Activity: Copy the data exactly. No line may be skipped.

╭─ Exercise data

(* (1) There exists a sequent that is not cut-free provable in $\mathtt{GTPDL}$ but is cut-free provable in $\mathtt{CGTPDL}$; moreover, there exists a sequent that is not Fischer–Ladner-cut provable in $\mathtt{GTPDL}$ but is cut-free provable in $\mathtt{CGTPDL}$. (2) There exists a sequent that is provable in both $\mathtt{GTPDL}$ and $\mathtt{CGTPDL}$, but is cut-free provable in neither.
   Context: $\mathtt{TPDL}$ formulas/programs over sets $\mathsf{Prop}$, $\mathsf{AtProg}$: $\varphi ::= \bot \mid p \mid (\varphi\to\varphi) \mid [\pi]\varphi \mid [\pi]^{\leftarrow}\varphi$, $\pi ::= \alpha \mid \pi;\pi \mid \pi\cup\pi \mid \pi^{*} \mid \varphi?$. $[\pi]\Gamma=\{[\pi]\varphi:\varphi\in\Gamma\}$, similarly $[\pi]^{\leftarrow}\Gamma$. A sequent is a pair $\Gamma\Rightarrow\Delta$ of finite sets of formulas. Common rules (premises / conclusion): (Ax) / $\Gamma\Rightarrow\Delta$, $\Gamma\cap\Delta\neq\emptyset$; ($\bot$) / $\Gamma,\bot\Rightarrow\Delta$; ($\to$L) $\Gamma\Rightarrow\varphi,\Delta$ and $\Gamma,\psi\Rightarrow\Delta$ / $\Gamma,\varphi\to\psi\Rightarrow\Delta$; ($\to$R) $\Gamma,\varphi\Rightarrow\psi,\Delta$ / $\Gamma\Rightarrow\varphi\to\psi,\Delta$; (Wk) $\Gamma\Rightarrow\Delta$ / $\Gamma'\Rightarrow\Delta'$, $\Gamma\subseteq\Gamma'$, $\Delta\subseteq\Delta'$; (Cut) $\Gamma\Rightarrow\varphi,\Delta$ and $\Gamma,\varphi\Rightarrow\Delta$ / $\Gamma\Rightarrow\Delta$ ($\varphi$ is the cut formula); ($[\,]$) $\Gamma\Rightarrow\varphi,[\pi]^{\leftarrow}\Delta$ / $[\pi]\Gamma\Rightarrow[\pi]\varphi,\Delta$; ($[\,]^{\leftarrow}$) $\Gamma\Rightarrow\varphi,[\pi]\Delta$ / $[\pi]^{\leftarrow}\Gamma\Rightarrow[\pi]^{\leftarrow}\varphi,\Delta$; ($[;]$L) $\Gamma,[\pi_0][\pi_1]\varphi\Rightarrow\Delta$ / $\Gamma,[\pi_0;\pi_1]\varphi\Rightarrow\Delta$; ($[;]$R) $\Gamma\Rightarrow[\pi_0][\pi_1]\varphi,\Delta$ / $\Gamma\Rightarrow[\pi_0;\pi_1]\varphi,\Delta$; ($[\cup]$L) $\Gamma,[\pi_0]\varphi,[\pi_1]\varphi\Rightarrow\Delta$ / $\Gamma,[\pi_0\cup\pi_1]\varphi\Rightarrow\Delta$; ($[\cup]$R) $\Gamma\Rightarrow\Delta,[\pi_0]\varphi$ and $\Gamma\Rightarrow\Delta,[\pi_1]\varphi$ / $\Gamma\Rightarrow[\pi_0\cup\pi_1]\varphi,\Delta$; ($[*]$L) $\Gamma,\varphi,[\pi][\pi^*]\varphi\Rightarrow\Delta$ / $\Gamma,[\pi^*]\varphi\Rightarrow\Delta$; ($[?]$L) $\Gamma\Rightarrow\varphi,\Delta$ and $\Gamma,\psi\Rightarrow\Delta$ / $\Gamma,[\varphi?]\psi\Rightarrow\Delta$; ($[?]$R) $\Gamma,\varphi\Rightarrow\psi,\Delta$ / $\Gamma\Rightarrow[\varphi?]\psi,\Delta$. $\mathtt{GTPDL}$ adds ($[*]$R) $\Gamma,\varphi\Rightarrow[\pi]\varphi$ / $[\pi^*]\Gamma,\varphi\Rightarrow[\pi^*]\varphi$; its proofs are finite trees of rule instances with all leaves Ax/$\bot$. $\mathtt{CGTPDL}$ instead adds (C-s) $\Gamma\Rightarrow\varphi,\Delta$ and $\Gamma\Rightarrow[\pi][\pi^*]\varphi,\Delta$ / $\Gamma\Rightarrow[\pi^*]\varphi,\Delta$; its proofs are finite trees of rule instances whose leaves are Ax/$\bot$ instances or buds, each bud assigned a companion (an inner node with the same sequent), such that in the graph identifying buds with companions every infinite path has a tail followed by a trace with infinitely many progress points. Here a trace along a path $(\Gamma_i\Rightarrow\Delta_i)$ is a sequence $\tau_i\in\Delta_i$ which at ($\to$R), ($[;]$R), ($[\cup]$R), ($[?]$R), (C-s) either stays the same or passes from the principal formula to its component in the chosen premise ($\psi$ for $\varphi\to\psi$; $[\pi_0][\pi_1]\varphi$; $[\pi_j]\varphi$; $\psi$ for $[\varphi?]\psi$; $\varphi$ or $[\pi][\pi^*]\varphi$ for $[\pi^*]\varphi$, the latter a progress point), at ($[\,]$)/($[\,]^{\leftarrow}$) passes from the principal $[\pi]\varphi$/$[\pi]^{\leftarrow}\varphi$ to $\varphi$, and otherwise stays the same. A proof is cut-free if it contains no instance of Cut. The Fischer–Ladner closure $\mathrm{FL}(\Lambda)$ of a set of formulas: $\mathrm{FL}(\bot)=\{\bot\}$, $\mathrm{FL}(p)=\{p\}$, $\mathrm{FL}(\psi_0\to\psi_1)=\{\psi_0\to\psi_1\}\cup\mathrm{FL}(\psi_0)\cup\mathrm{FL}(\psi_1)$, $\mathrm{FL}([\pi]\psi)=\mathrm{FL}_\Box([\pi]\psi)\cup\mathrm{FL}(\psi)$, $\mathrm{FL}([\pi]^{\leftarrow}\psi)=\mathrm{FL}_\Box([\pi]^{\leftarrow}\psi)\cup\mathrm{FL}(\psi)$, where $\mathrm{FL}_\Box([\alpha]\psi)=\{[\alpha]\psi\}$, $\mathrm{FL}_\Box([\pi_0;\pi_1]\psi)=\{[\pi_0;\pi_1]\psi\}\cup\mathrm{FL}_\Box([\pi_0][\pi_1]\psi)\cup\mathrm{FL}_\Box([\pi_1]\psi)$, $\mathrm{FL}_\Box([\pi_0\cup\pi_1]\psi)=\{[\pi_0\cup\pi_1]\psi\}\cup\mathrm{FL}_\Box([\pi_0]\psi)\cup\mathrm{FL}_\Box([\pi_1]\psi)$, $\mathrm{FL}_\Box([\pi^*]\psi)=\{[\pi^*]\psi\}\cup\mathrm{FL}_\Box([\pi][\pi^*]\psi)$, $\mathrm{FL}_\Box([\psi_0?]\psi_1)=\{[\psi_0?]\psi_1\}\cup\mathrm{FL}(\psi_0)$, and the backwards versions analogously except $\mathrm{FL}_\Box([\pi_0;\pi_1]^{\leftarrow}\psi)=\{[\pi_0;\pi_1]^{\leftarrow}\psi\}\cup\mathrm{FL}_\Box([\pi_1]^{\leftarrow}[\pi_0]^{\leftarrow}\psi)\cup\mathrm{FL}_\Box([\pi_0]^{\leftarrow}\psi)$; $\mathrm{FL}(\Lambda)=\bigcup_{\varphi\in\Lambda}\mathrm{FL}(\varphi)$. A Cut instance with conclusion $\Gamma\Rightarrow\Delta$ is a Fischer–Ladner-cut if its cut formula lies in $\mathrm{FL}(\Gamma\cup\Delta)$; a sequent is Fischer–Ladner-cut provable in a system if it has a proof there in which every Cut instance is a Fischer–Ladner-cut. *)

theory Defs
  imports Main
begin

╰─

Response to this task:
(* (1) There exists a sequent that is not cut-free provable in $\mathtt{GTPDL}$ but is cut-free provable in $\mathtt{CGTPDL}$; moreover, there exists a sequent that is not Fischer–Ladner-cut provable in $\mathtt{GTPDL}$ but is cut-free provable in $\mathtt{CGTPDL}$. (2) There exists a sequent that is provable in both $\mathtt{GTPDL}$ and $\mathtt{CGTPDL}$, but is cut-free provable in neither.
   Context: $\mathtt{TPDL}$ formulas/programs over sets $\mathsf{Prop}$, $\mathsf{AtProg}$: $\varphi ::= \bot \mid p \mid (\varphi\to\varphi) \mid [\pi]\varphi \mid [\pi]^{\leftarrow}\varphi$, $\pi ::= \alpha \mid \pi;\pi \mid \pi\cup\pi \mid \pi^{*} \mid \varphi?$. $[\pi]\Gamma=\{[\pi]\varphi:\varphi\in\Gamma\}$, similarly $[\pi]^{\leftarrow}\Gamma$. A sequent is a pair $\Gamma\Rightarrow\Delta$ of finite sets of formulas. Common rules (premises / conclusion): (Ax) / $\Gamma\Rightarrow\Delta$, $\Gamma\cap\Delta\neq\emptyset$; ($\bot$) / $\Gamma,\bot\Rightarrow\Delta$; ($\to$L) $\Gamma\Rightarrow\varphi,\Delta$ and $\Gamma,\psi\Rightarrow\Delta$ / $\Gamma,\varphi\to\psi\Rightarrow\Delta$; ($\to$R) $\Gamma,\varphi\Rightarrow\psi,\Delta$ / $\Gamma\Rightarrow\varphi\to\psi,\Delta$; (Wk) $\Gamma\Rightarrow\Delta$ / $\Gamma'\Rightarrow\Delta'$, $\Gamma\subseteq\Gamma'$, $\Delta\subseteq\Delta'$; (Cut) $\Gamma\Rightarrow\varphi,\Delta$ and $\Gamma,\varphi\Rightarrow\Delta$ / $\Gamma\Rightarrow\Delta$ ($\varphi$ is the cut formula); ($[\,]$) $\Gamma\Rightarrow\varphi,[\pi]^{\leftarrow}\Delta$ / $[\pi]\Gamma\Rightarrow[\pi]\varphi,\Delta$; ($[\,]^{\leftarrow}$) $\Gamma\Rightarrow\varphi,[\pi]\Delta$ / $[\pi]^{\leftarrow}\Gamma\Rightarrow[\pi]^{\leftarrow}\varphi,\Delta$; ($[;]$L) $\Gamma,[\pi_0][\pi_1]\varphi\Rightarrow\Delta$ / $\Gamma,[\pi_0;\pi_1]\varphi\Rightarrow\Delta$; ($[;]$R) $\Gamma\Rightarrow[\pi_0][\pi_1]\varphi,\Delta$ / $\Gamma\Rightarrow[\pi_0;\pi_1]\varphi,\Delta$; ($[\cup]$L) $\Gamma,[\pi_0]\varphi,[\pi_1]\varphi\Rightarrow\Delta$ / $\Gamma,[\pi_0\cup\pi_1]\varphi\Rightarrow\Delta$; ($[\cup]$R) $\Gamma\Rightarrow\Delta,[\pi_0]\varphi$ and $\Gamma\Rightarrow\Delta,[\pi_1]\varphi$ / $\Gamma\Rightarrow[\pi_0\cup\pi_1]\varphi,\Delta$; ($[*]$L) $\Gamma,\varphi,[\pi][\pi^*]\varphi\Rightarrow\Delta$ / $\Gamma,[\pi^*]\varphi\Rightarrow\Delta$; ($[?]$L) $\Gamma\Rightarrow\varphi,\Delta$ and $\Gamma,\psi\Rightarrow\Delta$ / $\Gamma,[\varphi?]\psi\Rightarrow\Delta$; ($[?]$R) $\Gamma,\varphi\Rightarrow\psi,\Delta$ / $\Gamma\Rightarrow[\varphi?]\psi,\Delta$. $\mathtt{GTPDL}$ adds ($[*]$R) $\Gamma,\varphi\Rightarrow[\pi]\varphi$ / $[\pi^*]\Gamma,\varphi\Rightarrow[\pi^*]\varphi$; its proofs are finite trees of rule instances with all leaves Ax/$\bot$. $\mathtt{CGTPDL}$ instead adds (C-s) $\Gamma\Rightarrow\varphi,\Delta$ and $\Gamma\Rightarrow[\pi][\pi^*]\varphi,\Delta$ / $\Gamma\Rightarrow[\pi^*]\varphi,\Delta$; its proofs are finite trees of rule instances whose leaves are Ax/$\bot$ instances or buds, each bud assigned a companion (an inner node with the same sequent), such that in the graph identifying buds with companions every infinite path has a tail followed by a trace with infinitely many progress points. Here a trace along a path $(\Gamma_i\Rightarrow\Delta_i)$ is a sequence $\tau_i\in\Delta_i$ which at ($\to$R), ($[;]$R), ($[\cup]$R), ($[?]$R), (C-s) either stays the same or passes from the principal formula to its component in the chosen premise ($\psi$ for $\varphi\to\psi$; $[\pi_0][\pi_1]\varphi$; $[\pi_j]\varphi$; $\psi$ for $[\varphi?]\psi$; $\varphi$ or $[\pi][\pi^*]\varphi$ for $[\pi^*]\varphi$, the latter a progress point), at ($[\,]$)/($[\,]^{\leftarrow}$) passes from the principal $[\pi]\varphi$/$[\pi]^{\leftarrow}\varphi$ to $\varphi$, and otherwise stays the same. A proof is cut-free if it contains no instance of Cut. The Fischer–Ladner closure $\mathrm{FL}(\Lambda)$ of a set of formulas: $\mathrm{FL}(\bot)=\{\bot\}$, $\mathrm{FL}(p)=\{p\}$, $\mathrm{FL}(\psi_0\to\psi_1)=\{\psi_0\to\psi_1\}\cup\mathrm{FL}(\psi_0)\cup\mathrm{FL}(\psi_1)$, $\mathrm{FL}([\pi]\psi)=\mathrm{FL}_\Box([\pi]\psi)\cup\mathrm{FL}(\psi)$, $\mathrm{FL}([\pi]^{\leftarrow}\psi)=\mathrm{FL}_\Box([\pi]^{\leftarrow}\psi)\cup\mathrm{FL}(\psi)$, where $\mathrm{FL}_\Box([\alpha]\psi)=\{[\alpha]\psi\}$, $\mathrm{FL}_\Box([\pi_0;\pi_1]\psi)=\{[\pi_0;\pi_1]\psi\}\cup\mathrm{FL}_\Box([\pi_0][\pi_1]\psi)\cup\mathrm{FL}_\Box([\pi_1]\psi)$, $\mathrm{FL}_\Box([\pi_0\cup\pi_1]\psi)=\{[\pi_0\cup\pi_1]\psi\}\cup\mathrm{FL}_\Box([\pi_0]\psi)\cup\mathrm{FL}_\Box([\pi_1]\psi)$, $\mathrm{FL}_\Box([\pi^*]\psi)=\{[\pi^*]\psi\}\cup\mathrm{FL}_\Box([\pi][\pi^*]\psi)$, $\mathrm{FL}_\Box([\psi_0?]\psi_1)=\{[\psi_0?]\psi_1\}\cup\mathrm{FL}(\psi_0)$, and the backwards versions analogously except $\mathrm{FL}_\Box([\pi_0;\pi_1]^{\leftarrow}\psi)=\{[\pi_0;\pi_1]^{\leftarrow}\psi\}\cup\mathrm{FL}_\Box([\pi_1]^{\leftarrow}[\pi_0]^{\leftarrow}\psi)\cup\mathrm{FL}_\Box([\pi_0]^{\leftarrow}\psi)$; $\mathrm{FL}(\Lambda)=\bigcup_{\varphi\in\Lambda}\mathrm{FL}(\varphi)$. A Cut instance with conclusion $\Gamma\Rightarrow\Delta$ is a Fischer–Ladner-cut if its cut formula lies in $\mathrm{FL}(\Gamma\cup\Delta)$; a sequent is Fischer–Ladner-cut provable in a system if it has a proof there in which every Cut instance is a Fischer–Ladner-cut. *)

theory Defs
  imports Main
begin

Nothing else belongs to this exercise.